Record excerpts:
'''

lemma sum_inverse_power_step2_le:
  fixes x :: real
  assumes "x \<ge> 2" and "M \<ge> 1"
  shows "(\<Sum>i<k. 1 / (x + 2 * real i) ^ Suc M) \<le> 1 / x ^ M"
proof -
  have "1 / (x + 2 * real i) ^ Suc M \<le> 1 / x ^ (M - 1) * (1 / (x + 2 * real i) ^ 2)" for i
  proof -
    have "x ^ (M - 1) * (x + 2 * real i) ^ 2 \<le> (x + 2 * real i) ^ (M - 1) * (x + 2 * real i) ^ 2"
      using assms by (intro mult_right_mono power_mono) auto
    also have "\<dots> = (x + 2 * real i) ^ Suc M"
      using assms by (simp flip: power_add)
    finally show ?thesis
      using assms by (simp add: frac_le)
  qed
  then have "(\<Sum>i<k. 1 / (x + 2 * real i) ^ Suc M)
      \<le> 1 / x ^ (M - 1) * (\<Sum>i<k. 1 / (x + 2 * real i) ^ 2)"
    by (simp add: sum_distrib_left sum_mono)
  also have "\<dots> \<le> 1 / x ^ (M - 1) * (1 / x)"
  proof (rule mult_left_mono)
    have "0 \<le> 1 / (x + 2 * real k)" using assms by simp
    then show "(\<Sum>i<k. 1 / (x + 2 * real i) ^ 2) \<le> 1 / x"
      using sum_inverse_square_step2_le[OF assms(1), of k] by linarith
  qed (use assms in simp)
  also have "\<dots> = 1 / x ^ M"
    using assms by (cases M) auto
  finally show ?thesis .
qed

lemma dist_limit_le_of_step2_bound:
  fixes g :: "nat \<Rightarrow> real"
  assumes lim: "g \<longlonglongrightarrow> L" and n: "n \<ge> 2" and M: "M \<ge> 1"
    and step: "\<And>m. n \<le> m \<Longrightarrow> \<bar>g m - g (m + 2)\<bar> \<le> C / real m ^ Suc M"
  shows "\<bar>g n - L\<bar> \<le> C / real n ^ M"
proof -
  have "0 \<le> C / real n ^ Suc M"
    using step[of n] abs_ge_zero order_trans by blast
  moreover have "real n ^ Suc M > 0"
    using n by simp
  ultimately have "C \<ge> 0"
    by (simp add: zero_le_divide_iff del: power_Suc)
  have telescope: "\<bar>g n - g (n + 2 * k)\<bar> \<le> C * (\<Sum>i<k. 1 / (real n + 2 * real i) ^ Suc M)" for k
  proof (induction k)
    case (Suc k)
    have "\<bar>g n - g (n + 2 * Suc k)\<bar> \<le> \<bar>g n - g (n + 2 * k)\<bar> + \<bar>g (n + 2 * k) - g (n + 2 * k + 2)\<bar>"
      by (simp add: abs_triangle_ineq4[THEN order_trans] abs_diff_triangle_ineq)
    also have "\<dots> \<le> C * (\<Sum>i<k. 1 / (real n + 2 * real i) ^ Suc M) + C / (real n + 2 * real k) ^ Suc M"
      using Suc step[of "n + 2 * k"] by (intro add_mono) simp_all
    also have "\<dots> = C * (\<Sum>i<Suc k. 1 / (real n + 2 * real i) ^ Suc M)"
      by (simp add: distrib_left)
    finally show ?case .
  qed simp
  have "(\<lambda>k. \<bar>g n - g (n + 2 * k)\<bar>) \<longlonglongrightarrow> \<bar>g n - L\<bar>"
  proof -
    have "strict_mono (\<lambda>k. n + 2 * k)"
      by (rule strict_monoI) simp
    from LIMSEQ_subseq_LIMSEQ[OF lim this] show ?thesis
      by (auto intro!: tendsto_intros simp: comp_def)
  qed
  moreover have "\<bar>g n - g (n + 2 * k)\<bar> \<le> C / real n ^ M" for k
  proof -
    have "C * (\<Sum>i<k. 1 / (real n + 2 * real i) ^ Suc M) \<le> C * (1 / real n ^ M)"
      using n M \<open>C \<ge> 0\<close> by (intro mult_left_mono sum_inverse_power_step2_le) auto
    then show ?thesis using telescope[of k] by simp
  qed
  ultimately show ?thesis
    by (intro LIMSEQ_le_const2) auto
qed

lemma dist_one_le_of_consecutive_products:
  fixes g :: "nat \<Rightarrow> real"
  assumes lim: "g \<longlonglongrightarrow> 1" and M: "M \<ge> 1" and n: "n \<ge> max N 2"
    and bound: "\<And>m. \<bar>g m\<bar> \<le> A"
    and product: "\<And>m. m \<ge> N \<Longrightarrow> \<bar>g m * g (Suc m) - 1\<bar> \<le> c / real m ^ Suc M"
  shows "\<bar>g n - 1\<bar> \<le> 2 * A * c / real n ^ M"
proof (rule dist_limit_le_of_step2_bound[OF lim _ M])
  fix m
  assume m: "n \<le> m"
  then have m_pos: "real m > 0" using n by simp
  have "0 \<le> c / real m ^ Suc M"
    using product[of m] m n abs_ge_zero order_trans by fastforce
  moreover have "real m ^ Suc M > 0"
    using m_pos by (rule zero_less_power)
  ultimately have "c \<ge> 0"
    by (simp add: zero_le_divide_iff del: power_Suc)
  then have "c / real (Suc m) ^ Suc M \<le> c / real m ^ Suc M"
    using m_pos by (intro divide_left_mono power_mono mult_pos_pos zero_less_power) auto
  then have next_product: "\<bar>g (Suc m) * g (m + 2) - 1\<bar> \<le> c / real m ^ Suc M"
    using product[of "Suc m"] m n by simp
  \<comment> \<open>Compare \<open>g m g(m+1) g(m+2)\<close> bracketed both ways.\<close>
  have "g m - g (m + 2) = g (m + 2) * (g m * g (Suc m) - 1) - g m * (g (Suc m) * g (m + 2) - 1)"
    by (simp add: algebra_simps)
  then have "\<bar>g m - g (m + 2)\<bar> \<le> \<bar>g (m + 2)\<bar> * \<bar>g m * g (Suc m) - 1\<bar> + \<bar>g m\<bar> * \<bar>g (Suc m) * g (m + 2) - 1\<bar>"
    by (simp add: abs_mult[symmetric] abs_triangle_ineq4)
  also have "\<dots> \<le> A * (c / real m ^ Suc M) + A * (c / real m ^ Suc M)"
    using product[of m] next_product m n bound order_trans[OF abs_ge_zero bound]
    by (intro add_mono mult_mono) auto
  finally show "\<bar>g m - g (m + 2)\<bar> \<le> 2 * A * c / real m ^ Suc M"
    by simp
qed (use n in simp)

'''

What you should do: Please show the lines of the material that contain the string "shows".

Exercise output:
  shows "(\<Sum>i<k. 1 / (x + 2 * real i) ^ Suc M) \<le> 1 / x ^ M"
  shows "\<bar>g n - L\<bar> \<le> C / real n ^ M"
  shows "\<bar>g n - 1\<bar> \<le> 2 * A * c / real n ^ M"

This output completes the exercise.